CRISPR-Cas9 gene-editing tool used in first human trial
The powerful gene-editing CRISPR-Cas9 technique is a promising tool in the fight against conditions like retinal degradation, muscular dystrophy and HIV, but so far trials have been restricted to cultured cells and laboratory mice. Now the tool is being used in human trials for the first time, with a team of Chinese scientists injecting CRISPR-edited cells into a patient suffering from lung cancer.
CRISPR works like a pair of genetic scissors, allowing scientists to cut very specific sections of DNA out of an organism, such as inherited genes that may lead to disease, and replace them with something more beneficial. Along with its potential to fight cancer and other illnesses in humans, the technique can be used in other living organisms for a variety of purposes, like pest control or improving the yield, hardiness and nutritional value of crops.

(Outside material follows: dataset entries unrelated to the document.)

(* Let $W_1,\ldots,W_n$ be i.i.d. mean-zero random variables. Suppose $\mathbb{P}(|W_i|\ge\tau)\le\alpha$ and $|W_i|\le M$ almost surely, for some $\tau,M>0$ and $\alpha\ge0$. Then for any $t>2M\alpha$, \[ \mathbb{P}\Big(\Big|\frac1n\sum_{i=1}^nW_i\Big|\ge t\Big)\le2e^{-nt^2/(8\tau^2)}+n\alpha. \] *)

theory Defs
  imports "HOL-Probability.Probability"
begin

end

theory Submission
  imports Defs
begin

text \<open>
  Truncate each \<open>W\<^sub>i\<close> at level \<open>\<tau>\<close>. The sum of the truncated variables differs from
  \<open>\<Sum>W\<^sub>i\<close> only on the union of the events \<open>|W\<^sub>i| \<ge> \<tau>\<close>, which has probability at most
  \<open>n\<alpha>\<close>. The truncated variables are independent with values in \<open>[-\<tau>, \<tau>]\<close>, so Hoeffding's
  inequality controls their deviation from their mean sum. Since \<open>W\<^sub>i\<close> has mean zero and
  \<open>|W\<^sub>i| \<le> Mb\<close>, truncation moves each mean by at most \<open>Mb \<alpha>\<close>, so the mean sum is at most
  \<open>n Mb \<alpha> < nt/2\<close>; a deviation of \<open>nt/2\<close> then costs \<open>2 exp(-nt\<^sup>2/(8\<tau>\<^sup>2))\<close>.
\<close>

definition truncate :: "real \<Rightarrow> real \<Rightarrow> real" where
  "truncate \<tau> y = (if \<bar>y\<bar> < \<tau> then y else 0)"

lemma truncate_measurable [measurable]: "truncate \<tau> \<in> borel_measurable borel"
  unfolding truncate_def by measurable

lemma abs_truncate_le: "\<bar>truncate \<tau> y\<bar> \<le> \<bar>y\<bar>"
  by (simp add: truncate_def)

lemma truncate_in_interval: "0 \<le> \<tau> \<Longrightarrow> truncate \<tau> y \<in> {-\<tau>..\<tau>}"
  by (auto simp: truncate_def)

context prob_space
begin

lemma abs_expectation_truncate_le:
  assumes X: "X \<in> borel_measurable M"
    and bounded: "AE x in M. \<bar>X x\<bar> \<le> B"
    and mean0: "expectation X = 0"
  shows "\<bar>expectation (\<lambda>x. truncate \<tau> (X x))\<bar> \<le> B * prob {x \<in> space M. \<tau> \<le> \<bar>X x\<bar>}"
proof -
  define S where "S = {x \<in> space M. \<tau> \<le> \<bar>X x\<bar>}"
  define R where "R = (\<lambda>x. X x - truncate \<tau> (X x))"
  have S: "S \<in> sets M"
    unfolding S_def using X by measurable
  have R_bound: "AE x in M. \<bar>R x\<bar> \<le> B * indicator S x"
    using bounded AE_space by eventually_elim (auto simp: R_def S_def truncate_def)
  have int_trunc: "integrable M (\<lambda>x. truncate \<tau> (X x))"
    using bounded X
    by (intro integrable_const_bound[where B = B])
      (auto elim!: eventually_mono intro: order_trans[OF abs_truncate_le])
  have int_X: "integrable M X"
    using bounded X by (intro integrable_const_bound[where B = B]) simp_all
  then have int_R: "integrable M R"
    using int_trunc by (simp add: R_def)
  have "expectation (\<lambda>x. truncate \<tau> (X x)) = expectation X - expectation R"
    using int_X int_trunc by (simp add: R_def Bochner_Integration.integral_diff)
  also have "\<dots> = - expectation R"
    using mean0 by simp
  finally have "\<bar>expectation (\<lambda>x. truncate \<tau> (X x))\<bar> = \<bar>expectation R\<bar>"
    by simp
  also have "\<dots> \<le> expectation (\<lambda>x. \<bar>R x\<bar>)"
    by (rule integral_abs_bound)
  also have "\<dots> \<le> expectation (\<lambda>x. B * indicator S x)"
    using int_R S R_bound by (intro integral_mono_AE) (auto simp: emeasure_eq_measure)
  also have "\<dots> = B * prob S"
    using S by simp
  finally show ?thesis
    unfolding S_def .
qed

lemma prob_abs_sum_ge_truncate:
  assumes I: "finite I"
    and X: "\<And>i. i \<in> I \<Longrightarrow> X i \<in> borel_measurable M"
  shows "prob {x \<in> space M. a \<le> \<bar>\<Sum>i\<in>I. X i x\<bar>}
    \<le> prob {x \<in> space M. a \<le> \<bar>\<Sum>i\<in>I. truncate \<tau> (X i x)\<bar>}
      + (\<Sum>i\<in>I. prob {x \<in> space M. \<tau> \<le> \<bar>X i x\<bar>})"
proof -
  define S where "S = (\<lambda>i. {x \<in> space M. \<tau> \<le> \<bar>X i x\<bar>})"
  define T where "T = {x \<in> space M. a \<le> \<bar>\<Sum>i\<in>I. truncate \<tau> (X i x)\<bar>}"
  have S: "S i \<in> sets M" if "i \<in> I" for i
    unfolding S_def using X[OF that] by measurable
  have T: "T \<in> sets M"
    unfolding T_def using I X by measurable
  have "{x \<in> space M. a \<le> \<bar>\<Sum>i\<in>I. X i x\<bar>} \<subseteq> T \<union> (\<Union>i\<in>I. S i)"
  proof
    fix x assume x: "x \<in> {x \<in> space M. a \<le> \<bar>\<Sum>i\<in>I. X i x\<bar>}"
    show "x \<in> T \<union> (\<Union>i\<in>I. S i)"
    proof (cases "x \<in> (\<Union>i\<in>I. S i)")
      case False
      then have "(\<Sum>i\<in>I. truncate \<tau> (X i x)) = (\<Sum>i\<in>I. X i x)"
        using x by (intro sum.cong) (auto simp: S_def truncate_def)
      then show ?thesis
        using x by (simp add: T_def)
    qed simp
  qed
  then have "prob {x \<in> space M. a \<le> \<bar>\<Sum>i\<in>I. X i x\<bar>} \<le> prob (T \<union> (\<Union>i\<in>I. S i))"
    using S T I by (intro finite_measure_mono) auto
  also have "\<dots> \<le> prob T + prob (\<Union>i\<in>I. S i)"
    using S T I by (intro measure_Un_le) auto
  also have "prob (\<Union>i\<in>I. S i) \<le> (\<Sum>i\<in>I. prob (S i))"
    using S I by (intro finite_measure_subadditive_finite) auto
  finally show ?thesis
    unfolding S_def T_def by simp
qed

lemma abs_sum_expectation_truncate_le:
  assumes X: "\<And>i. i \<in> I \<Longrightarrow> X i \<in> borel_measurable M"
    and bounded: "\<And>i. i \<in> I \<Longrightarrow> AE x in M. \<bar>X i x\<bar> \<le> B"
    and mean0: "\<And>i. i \<in> I \<Longrightarrow> expectation (X i) = 0"
    and tail: "\<And>i. i \<in> I \<Longrightarrow> prob {x \<in> space M. \<tau> \<le> \<bar>X i x\<bar>} \<le> \<alpha>"
    and "0 \<le> B"
  shows "\<bar>\<Sum>i\<in>I. expectation (\<lambda>x. truncate \<tau> (X i x))\<bar> \<le> real (card I) * (B * \<alpha>)"
proof -
  have "\<bar>expectation (\<lambda>x. truncate \<tau> (X i x))\<bar> \<le> B * \<alpha>" if i: "i \<in> I" for i
  proof -
    have "\<bar>expectation (\<lambda>x. truncate \<tau> (X i x))\<bar> \<le> B * prob {x \<in> space M. \<tau> \<le> \<bar>X i x\<bar>}"
      using X bounded mean0 i by (intro abs_expectation_truncate_le)
    also have "\<dots> \<le> B * \<alpha>"
      using tail[OF i] \<open>0 \<le> B\<close> by (rule mult_left_mono)
    finally show ?thesis .
  qed
  then have "(\<Sum>i\<in>I. \<bar>expectation (\<lambda>x. truncate \<tau> (X i x))\<bar>) \<le> (\<Sum>i\<in>I. B * \<alpha>)"
    by (rule sum_mono)
  then show ?thesis
    by (simp add: order_trans[OF sum_abs])
qed

lemma Hoeffding_abs_sum_truncate_ge:
  assumes I: "finite I" "I \<noteq> {}"
    and indep: "indep_vars (\<lambda>_. borel) X I"
    and "0 < \<tau>" "0 \<le> \<epsilon>"
    and mean: "\<bar>\<Sum>i\<in>I. expectation (\<lambda>x. truncate \<tau> (X i x))\<bar> \<le> a - \<epsilon>"
  shows "prob {x \<in> space M. a \<le> \<bar>\<Sum>i\<in>I. truncate \<tau> (X i x)\<bar>}
    \<le> 2 * exp (- \<epsilon>\<^sup>2 / (2 * real (card I) * \<tau>\<^sup>2))"
proof -
  define \<mu> where "\<mu> = (\<Sum>i\<in>I. expectation (\<lambda>x. truncate \<tau> (X i x)))"
  have indep_trunc: "indep_vars (\<lambda>_. borel) (\<lambda>i x. truncate \<tau> (X i x)) I"
    using indep by (rule indep_vars_compose2) measurable
  interpret Hoeffding_ineq M I "\<lambda>i x. truncate \<tau> (X i x)" "\<lambda>_. -\<tau>" "\<lambda>_. \<tau>" \<mu>
    unfolding \<mu>_def
    by unfold_locales (use I indep_trunc \<open>0 < \<tau>\<close> truncate_in_interval in auto)
  have "\<epsilon> \<le> \<bar>s - \<mu>\<bar>" if "a \<le> \<bar>s\<bar>" for s
    using that mean abs_triangle_ineq2[of s \<mu>] unfolding \<mu>_def by linarith
  then have "prob {x \<in> space M. a \<le> \<bar>\<Sum>i\<in>I. truncate \<tau> (X i x)\<bar>}
      \<le> prob {x \<in> space M. \<epsilon> \<le> \<bar>(\<Sum>i\<in>I. truncate \<tau> (X i x)) - \<mu>\<bar>}"
    using I by (intro finite_measure_mono) auto
  also have "\<dots> \<le> 2 * exp (- 2 * \<epsilon>\<^sup>2 / (\<Sum>i\<in>I. (\<tau> - - \<tau>)\<^sup>2))"
    using I \<open>0 < \<tau>\<close> \<open>0 \<le> \<epsilon>\<close> by (intro Hoeffding_ineq_abs_ge) (auto simp: card_gt_0_iff)
  also have "- 2 * \<epsilon>\<^sup>2 / (\<Sum>i\<in>I. (\<tau> - - \<tau>)\<^sup>2) = - \<epsilon>\<^sup>2 / (2 * real (card I) * \<tau>\<^sup>2)"
    by (simp add: power2_eq_square)
  finally show ?thesis .
qed

end

theorem lemma15:
  fixes M :: "'a measure" and W :: "nat \<Rightarrow> 'a \<Rightarrow> real"
    and n :: nat and \<tau> Mb \<alpha> t :: real
  assumes "prob_space M"
    and meas: "\<And>i. i \<in> {1..n} \<Longrightarrow> W i \<in> borel_measurable M"
    and indep: "prob_space.indep_vars M (\<lambda>_. borel) W {1..n}"
    and ident: "\<And>i. i \<in> {1..n} \<Longrightarrow> distr M borel (W i) = distr M borel (W 1)"
    and mean0: "\<And>i. i \<in> {1..n} \<Longrightarrow> integral\<^sup>L M (W i) = 0"
    and tail: "\<And>i. i \<in> {1..n} \<Longrightarrow> measure M {x \<in> space M. \<bar>W i x\<bar> \<ge> \<tau>} \<le> \<alpha>"
    and bdd: "\<And>i. i \<in> {1..n} \<Longrightarrow> (AE x in M. \<bar>W i x\<bar> \<le> Mb)"
    and "\<tau> > 0" and "Mb > 0" and "\<alpha> \<ge> 0"
    and "t > 2 * Mb * \<alpha>"
  shows "measure M {x \<in> space M. \<bar>(1 / real n) * (\<Sum>i=1..n. W i x)\<bar> \<ge> t}
           \<le> 2 * exp (- (real n * t\<^sup>2) / (8 * \<tau>\<^sup>2)) + real n * \<alpha>"
proof (cases "n = 0")
  case True
  then show ?thesis
    by (simp add: order_trans[OF prob_space.prob_le_1[OF \<open>prob_space M\<close>]])
next
  case False
  interpret prob_space M by fact
  have n: "0 < real n"
    using False by simp
  have "0 \<le> 2 * Mb * \<alpha>"
    using \<open>Mb > 0\<close> \<open>\<alpha> \<ge> 0\<close> by simp
  then have "0 < t"
    using \<open>t > 2 * Mb * \<alpha>\<close> by linarith
  have "\<bar>\<Sum>i=1..n. expectation (\<lambda>x. truncate \<tau> (W i x))\<bar>
      \<le> real (card {1..n}) * (Mb * \<alpha>)"
    by (rule abs_sum_expectation_truncate_le) (use meas bdd mean0 tail \<open>Mb > 0\<close> in auto)
  also have "\<dots> \<le> real n * t - real n * t / 2"
    using n \<open>t > 2 * Mb * \<alpha>\<close> by simp
  finally have mean: "\<bar>\<Sum>i=1..n. expectation (\<lambda>x. truncate \<tau> (W i x))\<bar>
      \<le> real n * t - real n * t / 2" .
  have "measure M {x \<in> space M. \<bar>(1 / real n) * (\<Sum>i=1..n. W i x)\<bar> \<ge> t}
      = prob {x \<in> space M. real n * t \<le> \<bar>\<Sum>i=1..n. W i x\<bar>}"
    using n by (auto simp: abs_mult field_simps intro!: arg_cong[where f = prob])
  also have "\<dots> \<le> prob {x \<in> space M. real n * t \<le> \<bar>\<Sum>i=1..n. truncate \<tau> (W i x)\<bar>}
        + (\<Sum>i=1..n. prob {x \<in> space M. \<tau> \<le> \<bar>W i x\<bar>})"
    by (rule prob_abs_sum_ge_truncate) (use meas in auto)
  also have "prob {x \<in> space M. real n * t \<le> \<bar>\<Sum>i=1..n. truncate \<tau> (W i x)\<bar>}
      \<le> 2 * exp (- (real n * t / 2)\<^sup>2 / (2 * real n * \<tau>\<^sup>2))"
    using Hoeffding_abs_sum_truncate_ge[OF _ _ indep _ _ mean] n \<open>\<tau> > 0\<close> \<open>0 < t\<close> by simp
  also have "- (real n * t / 2)\<^sup>2 / (2 * real n * \<tau>\<^sup>2) = - (real n * t\<^sup>2) / (8 * \<tau>\<^sup>2)"
    using n by (simp add: field_simps power2_eq_square)
  also have "(\<Sum>i=1..n. prob {x \<in> space M. \<tau> \<le> \<bar>W i x\<bar>}) \<le> real n * \<alpha>"
    using sum_mono[of "{1..n}", OF tail] by simp
  finally show ?thesis
    by simp
qed

end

The current study, led by oncologist Lu You at Sichuan University, is using the technique to modify immune cells of patients with metastatic non-small-cell lung cancer, in the hope that it might boost the body's defenses. In basic terms, the immune system uses a type of white blood cell called a T cell to detect and kill abnormal cells that may turn cancerous. T cells have a built-in mechanism called Programmed cell death protein 1 (PD-1) that shuts them down when they're done, and one of cancer's crafty little tricks is to trigger that process early, weakening the body's immune response and allowing the tumor to grow.
To combat this, the Sichuan study is collecting samples of a patient's immune cells and using CRISPR-Cas9 to remove the gene in which PD-1 is encoded. These engineered PD-1 Knockout T cells, as the team calls them, are then cultured in the lab to grow their numbers before being injected back into the patients. Without the PD-1 protein for the cancer to turn against the immune system, the team hopes that the engineered T cells will be able to keep up the fight and kill the tumor.
The trial was greenlit in July after receiving ethical approval from a hospital review board, and after collecting and cultivating the T cells, the first patient was injected with edited cells on October 28. While the researchers haven't given details regarding the patient's progress, the treatment apparently went well, and a second injection is planned. The aim of the trial is mostly to determine the safety of the procedure, and to that end, 10 patients will be treated with either two, three or four injections.
The study is expected to conclude in April 2018. Several other human trials using CRISPR-Cas9 are currently in the pipeline, including a University of Pennsylvania study expected to start early next year, and a series of others at Peking University in Beijing.